lemma J0_blocks_pos: "\<forall>m\<in>set ns. 1 < m \<Longrightarrow> \<forall>a\<in>set (J0_blocks n0 ns). 1 \<le> a"
  by (auto simp: J0_blocks_def)

lemma J0_blocks_not_Nil: "ns \<noteq> [] \<Longrightarrow> J0_blocks n0 ns \<noteq> []"
  by (simp add: J0_blocks_def)

lemma two_le_last_J0_blocks: "ns \<noteq> [] \<Longrightarrow> \<forall>m\<in>set ns. 1 < m \<Longrightarrow> 2 \<le> last (J0_blocks n0 ns)"
  using last_in_set[of ns] by (fastforce simp: J0_blocks_def)

lemma J0_diagram_eq_block_diagram:
  "J0_diagram T n0 ns r
     = (if T = TA then butlast (block_diagram (J0_blocks n0 ns))
        else block_diagram (J0_blocks n0 ns) @ replicate r False)"
  by (simp add: J0_diagram_def block_diagram_def J0_blocks_def)

lemma flag_rank_eq_sum_J0_blocks:
  "flag_rank T n0 ns r
     = (if T = TA then sum_list (J0_blocks n0 ns) - 1 else sum_list (J0_blocks n0 ns) + r)"
  by (simp add: flag_rank_def J0_blocks_def sum_list_replicate)

lemma koszul_expected_eq_J0_blocks:
  assumes "ns \<noteq> []"
  shows "koszul_expected T n0 ns r
      = map (\<lambda>i. J0_blocks n0 ns ! i + J0_blocks n0 ns ! (i + 1)) [0..<length (J0_blocks n0 ns) - 1]
        @ (if T = TA then [] else [end_koszul_number T (last (J0_blocks n0 ns)) r])"
  using assms by (simp add: koszul_expected_def end_koszul_number_def J0_blocks_def Let_def)

theorem mainTheorem15:
  fixes T :: ctype and n0 r :: nat and ns :: "nat list"
  assumes "ns \<noteq> []"
    and "\<forall>m \<in> set ns. 1 < m"
    and "T = TA \<Longrightarrow> r = 0"
    and "T = TD \<Longrightarrow> r \<noteq> 1"
  shows "koszul_numbers T (flag_rank T n0 ns r) (J0_diagram T n0 ns r)
           = map of_nat (koszul_expected T n0 ns r)
       \<and> (\<forall>i < flag_rank T n0 ns r. \<not> J0_diagram T n0 ns r ! i \<longrightarrow>
            coroot_pairing T (flag_rank T n0 ns r)
              (koszul_form T (flag_rank T n0 ns r) (J0_diagram T n0 ns r))
              (simple_root T (flag_rank T n0 ns r) i) = 0)"
proof -
  let ?L = "J0_blocks n0 ns"
  note L = J0_blocks_pos[OF assms(2)] J0_blocks_not_Nil[OF assms(1)]
    two_le_last_J0_blocks[OF assms(1,2)]
  note unfold = J0_diagram_eq_block_diagram flag_rank_eq_sum_J0_blocks
    koszul_expected_eq_J0_blocks[OF assms(1)]
  show ?thesis
  proof (cases "T = TA")
    case True
    then show ?thesis
      using koszul_numbers_TA_block_diagram[OF L(1,2)] koszul_pairing_white_TA
        length_block_diagram[OF L(1)]
      by (simp add: unfold)
  next
    case False
    interpret BCD_diagram T "sum_list ?L + r" "block_diagram ?L @ replicate r False"
      using BCD_diagram_block_diagram[OF False L assms(4)] .
    show ?thesis
      using koszul_numbers_BCD_block_diagram[OF False L assms(4)] koszul_pairing_white False
      by (simp add: unfold)
  qed
qed

end
section \<open>Straightening segments\<close>

lemma segment_leaves_closed_segment_through_end:
  fixes p :: "'a::euclidean_space"
  assumes "c \<in> closed_segment p q" "x \<in> closed_segment p q" "x \<in> closed_segment c y" "x \<noteq> c"
    and "y \<notin> closed_segment p q"
  shows "p \<in> open_segment c y \<or> q \<in> open_segment c y"
proof -
  have "closed_segment c p \<union> closed_segment c q = closed_segment p q"
    using Un_closed_segment[OF assms(1)] by (simp add: closed_segment_commute)
  then obtain e where e: "e = p \<or> e = q" "x \<in> closed_segment c e"
    using assms(2) by blast
  have "closed_segment c e \<subseteq> closed_segment p q"
    using e(1) assms(1) by (intro closed_segment_subset) auto
  then have "e \<in> closed_segment c y"
    using closed_segment_same_ray[OF assms(3) e(2) assms(4)] assms(5) by blast
  moreover have "e \<noteq> c"
    using e(2) assms(4) by auto
  moreover have "e \<noteq> y"
    using e(1) assms(5) by auto
  ultimately show ?thesis
    using e(1) unfolding open_segment_def by blast
qed

lemma line_through_rel_interior_meets_face_once:
  fixes \<sigma> :: "'a::euclidean_space set"
  assumes "\<not> affine_dependent \<sigma>" "\<tau> \<subset> \<sigma>" "c \<in> rel_interior (convex hull \<sigma>)"
    and "y \<in> convex hull \<tau>" "z \<in> convex hull \<tau>" "collinear {y, z, c}"
  shows "y = z"
proof (rule ccontr)
  assume "y \<noteq> z"
  then have "c \<in> affine hull {y, z}"
    using collinear_3_imp_in_affine_hull assms(6) by blast
  moreover have "affine hull {y, z} \<subseteq> affine hull \<tau>"
    using hull_mono[of "{y, z}" "convex hull \<tau>" affine] assms(4,5) by simp
  ultimately show False
    using affine_hull_psubset_disjoint_rel_interior[OF assms(1,2)] assms(3) by blast
qed

definition union_of_simplices :: "pt set \<Rightarrow> pt set set \<Rightarrow> bool" where
  "union_of_simplices A K \<longleftrightarrow> (\<forall>x\<in>A. \<exists>\<rho>\<in>K. convex hull \<rho> \<subseteq> A \<and> x \<in> convex hull \<rho>)"

lemma union_of_simplices_UN:
  assumes "\<forall>i\<in>I. union_of_simplices (A i) K"
  shows "union_of_simplices (\<Union>i\<in>I. A i) K"
  unfolding union_of_simplices_def
proof
  fix x assume "x \<in> (\<Union>i\<in>I. A i)"
  then obtain i where i: "i \<in> I" "x \<in> A i"
    by blast
  then obtain \<rho> where "\<rho> \<in> K" "convex hull \<rho> \<subseteq> A i" "x \<in> convex hull \<rho>"
    using assms unfolding union_of_simplices_def by blast
  then show "\<exists>\<rho>\<in>K. convex hull \<rho> \<subseteq> (\<Union>i\<in>I. A i) \<and> x \<in> convex hull \<rho>"
    using i(1) by blast
qed

lemma union_of_simplices_imp_subcomplex:
  assumes "straight_triangulation D K" "union_of_simplices A K"
  shows "is_subcomplex_set A K"
  unfolding is_subcomplex_set_def
proof (intro exI conjI)
  let ?S = "{\<rho>\<in>K. convex hull \<rho> \<subseteq> A}"
  show "\<forall>\<sigma>\<in>?S. \<forall>\<tau>. \<tau> \<noteq> {} \<and> \<tau> \<subseteq> \<sigma> \<longrightarrow> \<tau> \<in> ?S"
  proof (intro ballI allI impI)
    fix \<sigma> \<tau> assume \<sigma>: "\<sigma> \<in> ?S" and \<tau>: "\<tau> \<noteq> {} \<and> \<tau> \<subseteq> \<sigma>"
    then have "\<tau> \<in> K"
      using straight_triangulated.face_closed[OF straight_triangulated.intro[OF assms(1)]] by blast
    moreover have "convex hull \<tau> \<subseteq> convex hull \<sigma>"
      using \<tau> by (simp add: hull_mono)
    ultimately show "\<tau> \<in> ?S"
      using \<sigma> by blast
  qed
  show "A = \<Union> ((\<lambda>\<sigma>. convex hull \<sigma>) ` ?S)"
    using assms(2) unfolding union_of_simplices_def by blast
qed blast

context centred_subdivision
begin

lemma union_of_simplices_bsd_step:
  assumes "union_of_simplices A L"
  shows "union_of_simplices A (bsd_step L b)"
  unfolding union_of_simplices_def
proof
  fix x assume "x \<in> A"
  then obtain \<rho> where \<rho>: "\<rho> \<in> L" "convex hull \<rho> \<subseteq> A" "x \<in> convex hull \<rho>"
    using assms unfolding union_of_simplices_def by blast
  have "\<exists>C. flag L C \<and> (\<forall>\<tau>\<in>C. \<tau> \<subseteq> \<rho>) \<and> x \<in> convex hull (b ` C)"
    using \<rho>(1,3) by (rule flag_hull_cover)
  then obtain C where C: "flag L C" "\<forall>\<tau>\<in>C. \<tau> \<subseteq> \<rho>" "x \<in> convex hull (b ` C)"
    by blast
  have "convex hull (b ` C) \<subseteq> A"
    using convex_hull_centres_subset[of C \<rho>] C(1,2) \<rho>(2) by blast
  then show "\<exists>\<rho>\<in>bsd_step L b. convex hull \<rho> \<subseteq> A \<and> x \<in> convex hull \<rho>"
    using bsd_stepI[OF C(1)] C(3) by blast
qed

lemma ray_exit_on_segment:
  assumes "\<sigma> \<in> L" "x \<in> rel_interior (convex hull \<sigma>)" "x \<noteq> b \<sigma>"
    and "x \<in> closed_segment p q" "b \<sigma> \<in> closed_segment p q"
    and at_ends: "\<And>e. e \<in> {p, q} \<Longrightarrow> e \<in> rel_interior (convex hull \<sigma>) \<Longrightarrow> b \<sigma> = e"
  obtains y where "y \<in> rel_frontier (convex hull \<sigma>)" "y \<in> closed_segment p q"
    "x \<in> closed_segment (b \<sigma>) y"
proof -
  obtain y where y: "y \<in> rel_frontier (convex hull \<sigma>)" "x \<in> closed_segment (b \<sigma>) y"
    "open_segment (b \<sigma>) y \<subseteq> rel_interior (convex hull \<sigma>)"
    using segment_to_rel_frontier_aux[OF convex_convex_hull
        finite_imp_bounded_convex_hull[OF simplex_finite[OF assms(1)]] centre[rule_format, OF assms(1)]
        subsetD[OF rel_interior_subset assms(2)]] assms(3) by blast
  have "y \<in> closed_segment p q"
  proof (rule ccontr)
    assume "y \<notin> closed_segment p q"
    then obtain e where "e \<in> {p, q}" "e \<in> open_segment (b \<sigma>) y"
      using segment_leaves_closed_segment_through_end[OF assms(5,4) y(2)] assms(3) by blast
    then show False
      using at_ends y(3) by (auto simp: open_segment_def)
  qed
  then show ?thesis
    using that y(1,2) by blast
qed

------------------------------------------------------------------------

EXERCISE DIRECTIONS:
Go through the records above and count every line that includes "ccontr". Give the number and nothing else.

EXERCISE OUTPUT:
2